╭──
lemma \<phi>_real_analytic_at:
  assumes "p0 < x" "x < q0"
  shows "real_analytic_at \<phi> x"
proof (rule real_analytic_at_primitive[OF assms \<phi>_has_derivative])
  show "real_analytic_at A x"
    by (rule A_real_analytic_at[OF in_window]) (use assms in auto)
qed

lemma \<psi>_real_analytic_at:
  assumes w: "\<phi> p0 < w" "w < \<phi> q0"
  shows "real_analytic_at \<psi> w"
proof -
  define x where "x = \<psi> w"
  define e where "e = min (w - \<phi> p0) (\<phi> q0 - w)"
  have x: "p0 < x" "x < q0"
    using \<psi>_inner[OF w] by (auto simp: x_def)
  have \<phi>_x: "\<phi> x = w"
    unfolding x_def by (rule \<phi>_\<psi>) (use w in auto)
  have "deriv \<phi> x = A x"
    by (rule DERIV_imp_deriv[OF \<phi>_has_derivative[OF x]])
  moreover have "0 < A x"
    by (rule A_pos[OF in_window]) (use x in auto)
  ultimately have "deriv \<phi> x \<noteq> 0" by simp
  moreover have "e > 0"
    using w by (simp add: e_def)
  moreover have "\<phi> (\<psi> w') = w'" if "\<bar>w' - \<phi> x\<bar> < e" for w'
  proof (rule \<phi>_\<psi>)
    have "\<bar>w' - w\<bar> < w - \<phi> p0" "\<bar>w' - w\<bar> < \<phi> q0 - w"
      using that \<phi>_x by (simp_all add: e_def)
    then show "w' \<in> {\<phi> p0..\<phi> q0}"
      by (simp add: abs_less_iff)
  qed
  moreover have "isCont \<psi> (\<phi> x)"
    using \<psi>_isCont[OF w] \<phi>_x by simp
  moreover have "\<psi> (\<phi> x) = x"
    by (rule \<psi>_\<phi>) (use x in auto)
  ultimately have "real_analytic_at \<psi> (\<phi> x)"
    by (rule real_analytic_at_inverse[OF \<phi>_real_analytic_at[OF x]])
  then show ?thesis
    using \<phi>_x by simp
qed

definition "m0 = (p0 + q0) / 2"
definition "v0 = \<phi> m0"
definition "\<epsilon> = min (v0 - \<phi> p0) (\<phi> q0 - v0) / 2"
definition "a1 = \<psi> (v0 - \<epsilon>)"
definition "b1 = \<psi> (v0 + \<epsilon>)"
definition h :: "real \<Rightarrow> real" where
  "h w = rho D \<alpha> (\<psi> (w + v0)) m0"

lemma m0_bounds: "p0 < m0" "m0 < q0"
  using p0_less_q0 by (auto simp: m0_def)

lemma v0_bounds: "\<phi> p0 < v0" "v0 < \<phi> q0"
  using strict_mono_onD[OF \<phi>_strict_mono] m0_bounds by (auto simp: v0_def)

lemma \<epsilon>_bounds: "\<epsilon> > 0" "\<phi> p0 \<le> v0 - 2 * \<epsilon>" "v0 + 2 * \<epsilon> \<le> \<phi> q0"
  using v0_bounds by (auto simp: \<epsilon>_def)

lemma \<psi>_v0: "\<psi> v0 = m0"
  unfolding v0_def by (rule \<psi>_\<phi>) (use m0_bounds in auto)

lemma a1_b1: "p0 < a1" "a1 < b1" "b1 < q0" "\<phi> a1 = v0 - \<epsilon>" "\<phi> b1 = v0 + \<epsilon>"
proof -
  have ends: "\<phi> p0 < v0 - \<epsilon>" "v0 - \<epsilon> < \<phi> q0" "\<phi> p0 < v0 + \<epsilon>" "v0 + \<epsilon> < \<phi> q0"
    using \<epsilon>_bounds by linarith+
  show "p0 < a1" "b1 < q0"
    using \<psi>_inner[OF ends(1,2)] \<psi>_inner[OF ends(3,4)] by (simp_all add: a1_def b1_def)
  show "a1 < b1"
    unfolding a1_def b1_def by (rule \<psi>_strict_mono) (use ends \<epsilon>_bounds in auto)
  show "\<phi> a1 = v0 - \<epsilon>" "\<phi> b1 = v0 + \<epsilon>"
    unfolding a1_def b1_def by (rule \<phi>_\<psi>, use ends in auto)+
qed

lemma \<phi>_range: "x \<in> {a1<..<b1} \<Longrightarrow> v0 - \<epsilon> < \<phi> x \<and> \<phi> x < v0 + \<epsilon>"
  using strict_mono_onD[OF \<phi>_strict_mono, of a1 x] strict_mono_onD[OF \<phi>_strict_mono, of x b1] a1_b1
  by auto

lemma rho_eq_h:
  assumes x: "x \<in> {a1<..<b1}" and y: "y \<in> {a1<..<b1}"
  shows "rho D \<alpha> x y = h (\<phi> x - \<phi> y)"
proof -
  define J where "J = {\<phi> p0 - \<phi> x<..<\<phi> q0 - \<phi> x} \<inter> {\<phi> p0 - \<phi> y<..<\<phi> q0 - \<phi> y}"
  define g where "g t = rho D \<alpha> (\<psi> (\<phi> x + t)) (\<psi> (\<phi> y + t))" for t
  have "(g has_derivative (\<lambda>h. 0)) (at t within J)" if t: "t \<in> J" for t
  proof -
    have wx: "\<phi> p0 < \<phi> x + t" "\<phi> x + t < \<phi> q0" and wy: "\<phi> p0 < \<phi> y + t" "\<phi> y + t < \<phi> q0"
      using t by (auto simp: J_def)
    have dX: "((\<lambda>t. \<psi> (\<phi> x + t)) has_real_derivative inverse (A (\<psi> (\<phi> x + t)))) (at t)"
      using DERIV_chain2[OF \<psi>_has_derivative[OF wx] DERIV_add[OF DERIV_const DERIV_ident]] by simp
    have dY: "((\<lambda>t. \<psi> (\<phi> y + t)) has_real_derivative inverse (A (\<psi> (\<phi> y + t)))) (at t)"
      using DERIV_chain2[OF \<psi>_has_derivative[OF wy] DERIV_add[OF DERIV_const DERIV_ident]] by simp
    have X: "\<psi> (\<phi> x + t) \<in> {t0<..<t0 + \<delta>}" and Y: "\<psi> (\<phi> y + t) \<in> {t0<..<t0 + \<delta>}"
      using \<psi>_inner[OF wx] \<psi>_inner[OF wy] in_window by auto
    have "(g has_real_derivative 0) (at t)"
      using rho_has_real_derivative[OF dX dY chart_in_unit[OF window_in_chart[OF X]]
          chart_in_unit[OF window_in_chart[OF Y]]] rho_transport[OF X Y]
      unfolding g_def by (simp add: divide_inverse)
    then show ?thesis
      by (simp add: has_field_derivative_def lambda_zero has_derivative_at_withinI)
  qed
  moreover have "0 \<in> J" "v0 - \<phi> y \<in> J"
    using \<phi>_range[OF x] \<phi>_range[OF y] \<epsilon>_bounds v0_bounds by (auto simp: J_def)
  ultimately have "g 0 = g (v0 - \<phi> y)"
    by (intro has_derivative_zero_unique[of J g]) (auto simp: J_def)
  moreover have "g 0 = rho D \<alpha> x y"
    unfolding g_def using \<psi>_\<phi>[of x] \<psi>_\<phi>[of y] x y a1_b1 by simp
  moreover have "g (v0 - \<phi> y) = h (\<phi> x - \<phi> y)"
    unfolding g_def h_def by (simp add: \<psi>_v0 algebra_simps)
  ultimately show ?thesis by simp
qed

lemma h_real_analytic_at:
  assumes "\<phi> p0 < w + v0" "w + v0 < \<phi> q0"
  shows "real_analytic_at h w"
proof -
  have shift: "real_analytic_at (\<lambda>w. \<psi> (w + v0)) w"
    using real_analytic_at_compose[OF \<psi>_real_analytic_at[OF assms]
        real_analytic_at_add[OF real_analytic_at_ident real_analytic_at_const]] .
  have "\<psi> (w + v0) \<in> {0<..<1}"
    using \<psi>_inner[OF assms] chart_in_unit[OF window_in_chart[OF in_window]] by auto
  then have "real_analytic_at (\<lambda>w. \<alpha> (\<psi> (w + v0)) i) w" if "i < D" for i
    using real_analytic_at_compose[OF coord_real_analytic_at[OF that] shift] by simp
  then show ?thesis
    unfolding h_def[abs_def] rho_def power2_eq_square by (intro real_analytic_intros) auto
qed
╰──
╭──
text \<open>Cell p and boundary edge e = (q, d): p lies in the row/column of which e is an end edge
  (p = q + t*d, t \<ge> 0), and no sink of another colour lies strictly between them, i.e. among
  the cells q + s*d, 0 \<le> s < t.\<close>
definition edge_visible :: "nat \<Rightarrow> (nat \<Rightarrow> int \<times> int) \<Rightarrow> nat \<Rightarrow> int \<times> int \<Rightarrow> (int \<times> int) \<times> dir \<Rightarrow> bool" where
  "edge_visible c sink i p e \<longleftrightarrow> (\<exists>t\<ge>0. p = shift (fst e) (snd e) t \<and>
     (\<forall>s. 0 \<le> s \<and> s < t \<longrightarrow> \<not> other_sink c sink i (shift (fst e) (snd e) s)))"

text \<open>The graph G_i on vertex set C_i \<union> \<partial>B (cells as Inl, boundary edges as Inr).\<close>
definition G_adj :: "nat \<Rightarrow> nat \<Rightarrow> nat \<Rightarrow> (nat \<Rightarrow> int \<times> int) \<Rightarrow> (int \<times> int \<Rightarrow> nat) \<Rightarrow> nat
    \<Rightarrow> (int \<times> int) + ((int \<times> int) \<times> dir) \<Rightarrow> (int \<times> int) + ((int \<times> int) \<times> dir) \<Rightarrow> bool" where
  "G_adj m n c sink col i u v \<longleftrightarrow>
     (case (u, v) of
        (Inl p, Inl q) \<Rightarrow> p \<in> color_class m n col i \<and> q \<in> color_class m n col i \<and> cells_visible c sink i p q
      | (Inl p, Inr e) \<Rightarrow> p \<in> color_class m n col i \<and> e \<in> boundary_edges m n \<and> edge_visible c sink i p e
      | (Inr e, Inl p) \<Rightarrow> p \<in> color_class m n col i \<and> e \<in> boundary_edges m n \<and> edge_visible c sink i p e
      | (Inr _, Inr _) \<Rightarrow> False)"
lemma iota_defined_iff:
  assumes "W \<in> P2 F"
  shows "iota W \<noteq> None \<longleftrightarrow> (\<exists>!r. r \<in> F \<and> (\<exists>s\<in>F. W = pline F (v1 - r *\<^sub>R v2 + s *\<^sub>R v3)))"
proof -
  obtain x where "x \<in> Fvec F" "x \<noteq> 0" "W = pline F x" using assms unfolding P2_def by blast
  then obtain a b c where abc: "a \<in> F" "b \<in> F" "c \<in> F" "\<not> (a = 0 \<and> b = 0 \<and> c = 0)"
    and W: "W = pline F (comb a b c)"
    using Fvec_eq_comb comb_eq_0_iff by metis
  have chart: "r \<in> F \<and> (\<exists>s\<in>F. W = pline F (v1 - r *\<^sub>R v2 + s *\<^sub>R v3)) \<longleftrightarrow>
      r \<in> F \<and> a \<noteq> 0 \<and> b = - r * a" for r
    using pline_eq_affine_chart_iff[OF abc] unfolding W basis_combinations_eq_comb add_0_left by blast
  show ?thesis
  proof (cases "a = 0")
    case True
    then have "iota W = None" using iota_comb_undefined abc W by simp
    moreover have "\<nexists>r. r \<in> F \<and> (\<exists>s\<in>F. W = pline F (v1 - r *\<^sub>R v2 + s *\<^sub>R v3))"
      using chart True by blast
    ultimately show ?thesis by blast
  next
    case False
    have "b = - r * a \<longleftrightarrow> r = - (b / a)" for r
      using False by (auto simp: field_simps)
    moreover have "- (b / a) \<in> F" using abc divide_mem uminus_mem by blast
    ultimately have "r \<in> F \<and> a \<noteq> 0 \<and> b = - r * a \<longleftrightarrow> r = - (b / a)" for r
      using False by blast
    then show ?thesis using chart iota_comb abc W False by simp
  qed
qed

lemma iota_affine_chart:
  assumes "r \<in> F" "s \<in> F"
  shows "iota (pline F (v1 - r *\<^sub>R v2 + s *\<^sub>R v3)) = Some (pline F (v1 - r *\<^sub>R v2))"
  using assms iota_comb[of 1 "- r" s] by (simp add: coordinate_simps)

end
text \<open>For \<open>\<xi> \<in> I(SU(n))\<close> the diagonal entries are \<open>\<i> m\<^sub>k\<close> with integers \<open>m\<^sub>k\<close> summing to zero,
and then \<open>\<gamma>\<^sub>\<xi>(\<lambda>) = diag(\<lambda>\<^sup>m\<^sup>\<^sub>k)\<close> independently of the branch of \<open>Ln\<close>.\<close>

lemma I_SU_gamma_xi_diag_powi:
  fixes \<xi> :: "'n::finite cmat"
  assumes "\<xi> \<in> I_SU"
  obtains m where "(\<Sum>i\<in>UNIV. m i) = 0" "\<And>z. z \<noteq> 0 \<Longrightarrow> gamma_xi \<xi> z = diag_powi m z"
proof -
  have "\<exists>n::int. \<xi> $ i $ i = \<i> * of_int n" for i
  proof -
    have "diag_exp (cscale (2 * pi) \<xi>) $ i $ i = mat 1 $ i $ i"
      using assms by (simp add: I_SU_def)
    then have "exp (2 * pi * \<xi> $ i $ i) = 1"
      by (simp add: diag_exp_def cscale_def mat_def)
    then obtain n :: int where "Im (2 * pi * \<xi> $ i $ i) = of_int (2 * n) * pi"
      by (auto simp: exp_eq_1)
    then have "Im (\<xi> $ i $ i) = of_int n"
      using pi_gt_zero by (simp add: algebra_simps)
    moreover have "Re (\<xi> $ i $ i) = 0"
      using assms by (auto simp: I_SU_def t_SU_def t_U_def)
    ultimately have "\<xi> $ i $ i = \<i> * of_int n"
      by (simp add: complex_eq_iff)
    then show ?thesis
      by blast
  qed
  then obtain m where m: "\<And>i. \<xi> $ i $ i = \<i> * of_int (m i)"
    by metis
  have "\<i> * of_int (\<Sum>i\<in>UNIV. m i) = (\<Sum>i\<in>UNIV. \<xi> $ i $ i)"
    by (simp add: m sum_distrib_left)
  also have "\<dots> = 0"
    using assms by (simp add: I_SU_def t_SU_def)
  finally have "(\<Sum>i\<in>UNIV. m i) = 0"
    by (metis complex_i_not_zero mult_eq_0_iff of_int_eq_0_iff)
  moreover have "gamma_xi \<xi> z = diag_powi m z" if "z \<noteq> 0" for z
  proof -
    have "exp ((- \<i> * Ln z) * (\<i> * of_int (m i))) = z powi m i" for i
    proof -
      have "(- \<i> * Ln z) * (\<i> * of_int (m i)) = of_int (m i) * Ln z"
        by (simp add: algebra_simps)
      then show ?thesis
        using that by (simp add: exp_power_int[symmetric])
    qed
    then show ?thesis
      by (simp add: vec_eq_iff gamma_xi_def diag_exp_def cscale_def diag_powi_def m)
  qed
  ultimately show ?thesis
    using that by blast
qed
╰──
#### TASK STATEMENT:
Scan the material for the string "None". Copy each line where it appears.

#### EXERCISE OUTPUT:
  shows "iota W \<noteq> None \<longleftrightarrow> (\<exists>!r. r \<in> F \<and> (\<exists>s\<in>F. W = pline F (v1 - r *\<^sub>R v2 + s *\<^sub>R v3)))"
    then have "iota W = None" using iota_comb_undefined abc W by simp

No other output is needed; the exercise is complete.